I didn’t want to “do” the Three Weeks. I didn’t feel like trying to deflate my already flailing mood. I didn’t go out to any live concerts during this period, but, let’s face it, I don’t usually go to live concerts all that often anyway.
But what to do about Tisha B’Av? I could not really be in the mood for commemorating the loss of the Temples in Jerusalem during the Three Weeks or Nine Days, and just do the minimal, rote requirement, but ignoring Tisha B’Av is out the question for me.
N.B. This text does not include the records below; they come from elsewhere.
(* Let $P$ be a treetope with base $B$ that is in general position. For a vertex $v$ of $P$, call a vertex $w$ a \emph{parent} of $v$ if $w$ is adjacent to $v$ in the graph of $P$ and $w$ is strictly farther than $v$ from the hyperplane spanned by $B$; call a vertex a \emph{root} of $P$ if it has no parent. Then every vertex of $P$ has at most one parent, and $P$ has exactly one root.
   Context: A polytope is the convex hull of a finite set of points in a Euclidean space; its faces, vertices (0-dimensional faces), edges (1-dimensional faces), facets (faces of dimension one less than the polytope) and its graph (1-skeleton: vertices and edges) are defined as usual, the empty set being a face of dimension $-1$. A \emph{treetope} is a polytope $P$ together with a distinguished facet $B$ (the \emph{base}) such that every face $F$ of $P$ whose intersection $F\cap B$ consists of at most one point has dimension at most one. A $d$-treetope is a treetope of dimension $d$. A treetope is in \emph{general position} if no two vertices of $P$ have equal nonzero distance from the hyperplane spanned by $B$. *)

theory Defs
  imports "HOL-Analysis.Analysis"
begin

definition treetope :: "'a::euclidean_space set \<Rightarrow> 'a set \<Rightarrow> bool" where
  "treetope P B \<longleftrightarrow> polytope P \<and> B facet_of P \<and>
     (\<forall>F. F face_of P \<and> (F \<inter> B = {} \<or> (\<exists>x. F \<inter> B = {x})) \<longrightarrow> aff_dim F \<le> 1)"

definition vertex_of :: "'a::euclidean_space \<Rightarrow> 'a set \<Rightarrow> bool" where
  "vertex_of v P \<longleftrightarrow> {v} face_of P"

definition adjacent_in :: "'a::euclidean_space set \<Rightarrow> 'a \<Rightarrow> 'a \<Rightarrow> bool" where
  "adjacent_in P v w \<longleftrightarrow> vertex_of v P \<and> vertex_of w P \<and> v \<noteq> w \<and> closed_segment v w edge_of P"

definition height :: "'a::euclidean_space set \<Rightarrow> 'a \<Rightarrow> real" where
  "height B x = infdist x (affine hull B)"

definition general_position_treetope :: "'a::euclidean_space set \<Rightarrow> 'a set \<Rightarrow> bool" where
  "general_position_treetope P B \<longleftrightarrow> treetope P B \<and>
     (\<forall>v w. vertex_of v P \<and> vertex_of w P \<and> v \<noteq> w \<and> height B v = height B w \<longrightarrow> height B v = 0)"

definition parent_of :: "'a::euclidean_space set \<Rightarrow> 'a set \<Rightarrow> 'a \<Rightarrow> 'a \<Rightarrow> bool" where
  "parent_of P B w v \<longleftrightarrow> adjacent_in P v w \<and> height B w > height B v"

definition root_of :: "'a::euclidean_space set \<Rightarrow> 'a set \<Rightarrow> 'a \<Rightarrow> bool" where
  "root_of P B r \<longleftrightarrow> vertex_of r P \<and> \<not> (\<exists>w. parent_of P B w r)"

end

theory Submission
  imports Defs
begin

text \<open>Write the base as \<open>B = P \<inter> {x. a \<bullet> x = b}\<close> with \<open>P \<subseteq> {x. a \<bullet> x \<le> b}\<close>. The distance from
  the hyperplane of \<open>B\<close> is then a positive multiple of \<open>b - a \<bullet> x\<close>, so the parents of a vertex
  \<open>v\<close> are its neighbours along edges on which \<open>a\<close> decreases.

  Given a functional \<open>p\<close> exposing \<open>v\<close>, take the vertex \<open>w \<noteq> v\<close> maximising the ratio of the
  decrease of \<open>a\<close> to that of \<open>p\<close>. With \<open>c\<close> this maximal ratio, the face of \<open>P\<close> on which
  \<open>c p - a\<close> is maximal meets the level \<open>a \<bullet> x = b\<close> at most in \<open>v\<close>, so by the treetope property
  it is a segment: \<open>w\<close> is unique and spans an edge with \<open>v\<close>. Every descending edge at \<open>v\<close>
  arises in this way from some \<open>p\<close>, and along a segment of exposing functionals the steepest
  vertex cannot jump, since \<open>[0, 1]\<close> is connected; hence \<open>v\<close> has at most one parent.

  A vertex without a parent minimises \<open>a\<close> over all vertices. Two such vertices would have
  equal height, which general position forces to be \<open>0\<close>, and then \<open>P\<close> would lie in the
  hyperplane of \<open>B\<close>.\<close>

lemma facet_not_in_supporting_hyperplane:
  assumes "B facet_of P" and "B = P \<inter> {x. a \<bullet> x = b}"
  shows "\<not> P \<subseteq> {x. a \<bullet> x = b}"
proof
  assume "P \<subseteq> {x. a \<bullet> x = b}"
  then have "B = P" using assms(2) by auto
  then show False using assms(1) by (simp add: facet_of_def)
qed

lemma affine_hull_facet_eq:
  fixes P :: "'a::euclidean_space set"
  assumes fac: "B facet_of P" and Beq: "B = P \<inter> {x. a \<bullet> x = b}"
  shows "affine hull B = affine hull P \<inter> {x. a \<bullet> x = b}"
proof (rule affine_dim_equal)
  have "B \<noteq> {}" and dimB: "aff_dim B = aff_dim P - 1"
    using fac by (auto simp: facet_of_def)
  then obtain z where zB: "z \<in> B" by auto
  then show "affine hull B \<noteq> {}" by auto
  have "\<not> affine hull P \<subseteq> {x. a \<bullet> x = b}"
    using facet_not_in_supporting_hyperplane[OF fac Beq] hull_subset[of P affine] by blast
  moreover have "z \<in> affine hull P \<inter> {x. a \<bullet> x = b}"
    using zB Beq hull_subset[of P affine] by blast
  ultimately have "aff_dim (affine hull P \<inter> {x. a \<bullet> x = b}) = aff_dim P - 1"
    by (auto simp: aff_dim_affine_Int_hyperplane)
  then show "aff_dim (affine hull B) = aff_dim (affine hull P \<inter> {x. a \<bullet> x = b})"
    by (simp add: dimB)
  show "affine hull B \<subseteq> affine hull P \<inter> {x. a \<bullet> x = b}"
    using Beq hull_subset[of P affine] by (intro hull_minimal) (auto intro: affine_Int affine_hyperplane)
qed (simp_all add: affine_Int affine_hyperplane)

lemma infdist_affine_Int_hyperplane:
  fixes A :: "'a::euclidean_space set"
  assumes affA: "affine A" and zH: "z \<in> A" "a \<bullet> z = b" and AnotH: "\<not> A \<subseteq> {x. a \<bullet> x = b}"
  shows "\<exists>c>0. \<forall>x\<in>A. infdist x (A \<inter> {x. a \<bullet> x = b}) = c * \<bar>b - a \<bullet> x\<bar>"
proof -
  define H where "H = A \<inter> {x. a \<bullet> x = b}"
  define S where "S = (+) (- z) ` A"
  have subS: "subspace S"
    unfolding S_def using affine_diffs_subspace[OF affA zH(1)] .
  have memS: "x - z \<in> S" if "x \<in> A" for x
    unfolding S_def using that by (intro image_eqI[of _ _ x]) auto
  have addS: "z + v \<in> A" if "v \<in> S" for v
    using that by (auto simp: S_def)
  have diffS: "x - y \<in> S" if "x \<in> A" "y \<in> A" for x y
    using subspace_diff[OF subS memS[OF that(1)] memS[OF that(2)]] by simp
  txt \<open>Only the component \<open>a'\<close> of \<open>a\<close> parallel to \<open>A\<close> is seen by points of \<open>A\<close>.\<close>
  obtain a' a'' where a'S: "a' \<in> S" and a: "a = a' + a''" and orth: "\<And>w. w \<in> S \<Longrightarrow> orthogonal a'' w"
    using orthogonal_subspace_decomp_exists[of S a] subS by (metis span_eq_iff)
  have adiff: "a \<bullet> (x - y) = a' \<bullet> (x - y)" if "x \<in> A" "y \<in> A" for x y
    using orth[OF diffS[OF that]] by (simp add: a inner_add_left orthogonal_def)
  have aa': "a \<bullet> a' = a' \<bullet> a'"
    using orth[OF a'S] by (simp add: a inner_add_left orthogonal_def)
  have a'ne: "a' \<noteq> 0"
  proof
    assume "a' = 0"
    then have "a \<bullet> x = b" if "x \<in> A" for x
      using adiff[OF that zH(1)] zH(2) by (simp add: inner_diff_right)
    then show False using AnotH by auto
  qed
  have moveA: "x + t *\<^sub>R a' \<in> A" if "x \<in> A" for x t
    using addS[of "(x - z) + t *\<^sub>R a'"] memS[OF that] subS a'S
    by (simp add: subspace_add subspace_scale)
  have na: "norm a' > 0" using a'ne by simp
  have "infdist x H = \<bar>b - a \<bullet> x\<bar> / norm a'" if xA: "x \<in> A" for x
  proof (rule antisym)
    define t where "t = (b - a \<bullet> x) / (a' \<bullet> a')"
    have "a \<bullet> (x + t *\<^sub>R a') = b"
      using a'ne by (simp add: t_def inner_add_right aa')
    then have "x + t *\<^sub>R a' \<in> H"
      using moveA[OF xA] by (simp add: H_def)
    then have "infdist x H \<le> dist x (x + t *\<^sub>R a')" by (rule infdist_le)
    also have "\<dots> = \<bar>t\<bar> * norm a'"
      by (simp add: dist_norm)
    also have "\<dots> = \<bar>b - a \<bullet> x\<bar> / norm a'"
      using na by (simp add: t_def abs_div power2_norm_eq_inner[symmetric] power2_eq_square)
    finally show "infdist x H \<le> \<bar>b - a \<bullet> x\<bar> / norm a'" .
  next
    have Hne: "H \<noteq> {}" using zH by (auto simp: H_def)
    show "\<bar>b - a \<bullet> x\<bar> / norm a' \<le> infdist x H"
      unfolding infdist_notempty[OF Hne]
    proof (rule cINF_greatest[OF Hne])
      fix y assume "y \<in> H"
      then have "y \<in> A" "a \<bullet> y = b"
        by (simp_all add: H_def)
      then have "\<bar>b - a \<bullet> x\<bar> = \<bar>a' \<bullet> (y - x)\<bar>"
        using adiff[of y x] xA by (simp add: inner_diff_right)
      also have "\<dots> \<le> norm a' * dist x y"
        by (metis Cauchy_Schwarz_ineq2 dist_commute dist_norm)
      finally show "\<bar>b - a \<bullet> x\<bar> / norm a' \<le> dist x y"
        using na by (simp add: divide_le_eq mult.commute)
    qed
  qed
  then show ?thesis
    using na by (intro exI[of _ "1 / norm a'"]) (simp add: H_def)
qed

lemma height_affine:
  fixes P :: "'a::euclidean_space set"
  assumes fac: "B facet_of P" and sub: "P \<subseteq> {x. a \<bullet> x \<le> b}" and Beq: "B = P \<inter> {x. a \<bullet> x = b}"
  shows "\<exists>k>0. \<forall>x\<in>P. height B x = k * (b - a \<bullet> x)"
proof -
  have PA: "P \<subseteq> affine hull P"
    by (rule hull_subset)
  obtain z where "z \<in> B"
    using fac by (auto simp: facet_of_def)
  then have z: "z \<in> affine hull P" "a \<bullet> z = b"
    using Beq PA by auto
  have "\<not> affine hull P \<subseteq> {x. a \<bullet> x = b}"
    using facet_not_in_supporting_hyperplane[OF fac Beq] PA by blast
  then obtain k where "k > 0"
    and k: "\<forall>x\<in>affine hull P. infdist x (affine hull P \<inter> {x. a \<bullet> x = b}) = k * \<bar>b - a \<bullet> x\<bar>"
    using infdist_affine_Int_hyperplane[OF affine_affine_hull z] by blast
  have "height B x = k * (b - a \<bullet> x)" if "x \<in> P" for x
  proof -
    have "x \<in> affine hull P" "a \<bullet> x \<le> b"
      using that PA sub by auto
    then show ?thesis
      using k by (simp add: height_def affine_hull_facet_eq[OF fac Beq])
  qed
  with \<open>k > 0\<close> show ?thesis by blast
qed

lemma polytope_finite_extreme_points:
  fixes P :: "'a::euclidean_space set"
  shows "polytope P \<Longrightarrow> finite {v. v extreme_point_of P}"
  using finite_polyhedron_extreme_points polytope_imp_polyhedron by blast

lemma polytope_convex_hull_extreme_points:
  fixes P :: "'a::euclidean_space set"
  shows "polytope P \<Longrightarrow> convex hull {v. v extreme_point_of P} = P"
  using Krein_Milman_Minkowski polytope_imp_compact polytope_imp_convex by metis

definition exposes :: "'a::euclidean_space set \<Rightarrow> 'a \<Rightarrow> 'a \<Rightarrow> bool" where
  "exposes P p v \<longleftrightarrow> (\<forall>z\<in>P. z \<noteq> v \<longrightarrow> p \<bullet> z < p \<bullet> v)"

text \<open>Only meaningful when \<open>p\<close> exposes \<open>v\<close>; otherwise a denominator may vanish and the
  quotient is the junk value \<open>0\<close>.\<close>
definition steepest :: "'a::euclidean_space set \<Rightarrow> 'a \<Rightarrow> 'a \<Rightarrow> 'a \<Rightarrow> 'a \<Rightarrow> bool" where
  "steepest P a p v x \<longleftrightarrow> x extreme_point_of P \<and> x \<noteq> v \<and>
     (\<forall>z. z extreme_point_of P \<and> z \<noteq> v \<longrightarrow>
        (a \<bullet> v - a \<bullet> z) / (p \<bullet> v - p \<bullet> z) \<le> (a \<bullet> v - a \<bullet> x) / (p \<bullet> v - p \<bullet> x))"

lemma polytope_extreme_point_exposed:
  fixes P :: "'a::euclidean_space set"
  assumes "polytope P" and "v extreme_point_of P"
  obtains p where "exposes P p v"
proof -
  have "{v} exposed_face_of P"
    using assms exposed_face_of_polyhedron polytope_imp_polyhedron face_of_singleton by blast
  then obtain p d where "P \<subseteq> {x. p \<bullet> x \<le> d}" "{v} = P \<inter> {x. p \<bullet> x = d}"
    by (auto simp: exposed_face_of_def)
  then have "exposes P p v"
    unfolding exposes_def by (metis (mono_tags) Int_iff insertI1 less_eq_real_def mem_Collect_eq singletonD subsetD)
  then show thesis ..
qed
For one thing, there are these excerpts from the first chapter of Eichah that lay forth my pain for the world to see. I know it isn’t my pain, but it is. It is all of our collective pain, since the Temple was destroyed and everything went to hell. The agony of unceasing tears and of soul-rending sighs are expressed here, and are heard by the entire congregation, which sits on the floor, in the dark, partaking in the terribleness that was and still is. In Judaism, I feel like all of the pain that ever was, still is on Tisha B’Av. That’s part of the beauty of this religion that re-enacts both redemption and suffering, each in its own time, but together, as a community. “Behold my pain!” the author of Eichah proclaims in 1:18. “וּרְאוּ מַכְאֹבִי” How often do I want to shout that from the rooftops? Often. (Hence the blog, among other outlets.)
Just as Sukkot and Simchat Torah are difficult holidays for me, because they so often proclaim the “season of our joy” just as my Seasonal Affective Disorder is kicking into high gear, I find some solace in the open expression of sadness that Tisha B’Av welcomes into my community. Sadness is not only okay on this day, it’s required. Finally, something that’s easy for me! But also, the acknowledgment that sadness is a part of life, a part of our history, a part of our tradition, somehow makes me feel more a part of things, less on the sidelines, peering in through a window.
There is a second reason to not give up on Tisha B’Av, just yet. And that is the way that Tisha B’Av can try to pry me away from my own gaping pain and open my eyes to that of others. We don’t only cry for the loss of a building and sovereignty when we cry on Tisha B’Av. As illustrated by these verses from chapter two of Eichah, we also cry for the tremendous human suffering that accompanied the destruction of Jerusalem.
One of the many, many problems with being depressed and with struggling with depression is how self-centered it makes one. I wake up each morning wondering if I will make it through the day. Will I get up? Will I eat properly? Will I shower? Will I get any work done? How will I feel? Will it be better or worse than yesterday? The self-centeredness of my distress is, itself, distressing. I can’t necessarily force my way out of it. One thing that was great about a recent vacation that I took was how it took me outside of my closed little world of dark rooms and self-loathing and out into the world.
I hope that this Tisha B’Av and every future Tisha B’Av will turn from a day of sadness and mourning into a day of redemption and ever-lasting happiness. And I hope that you all find your ways through this difficult and confusing day of tears, but not the tears we’re used to. I’d love to hear your thoughts.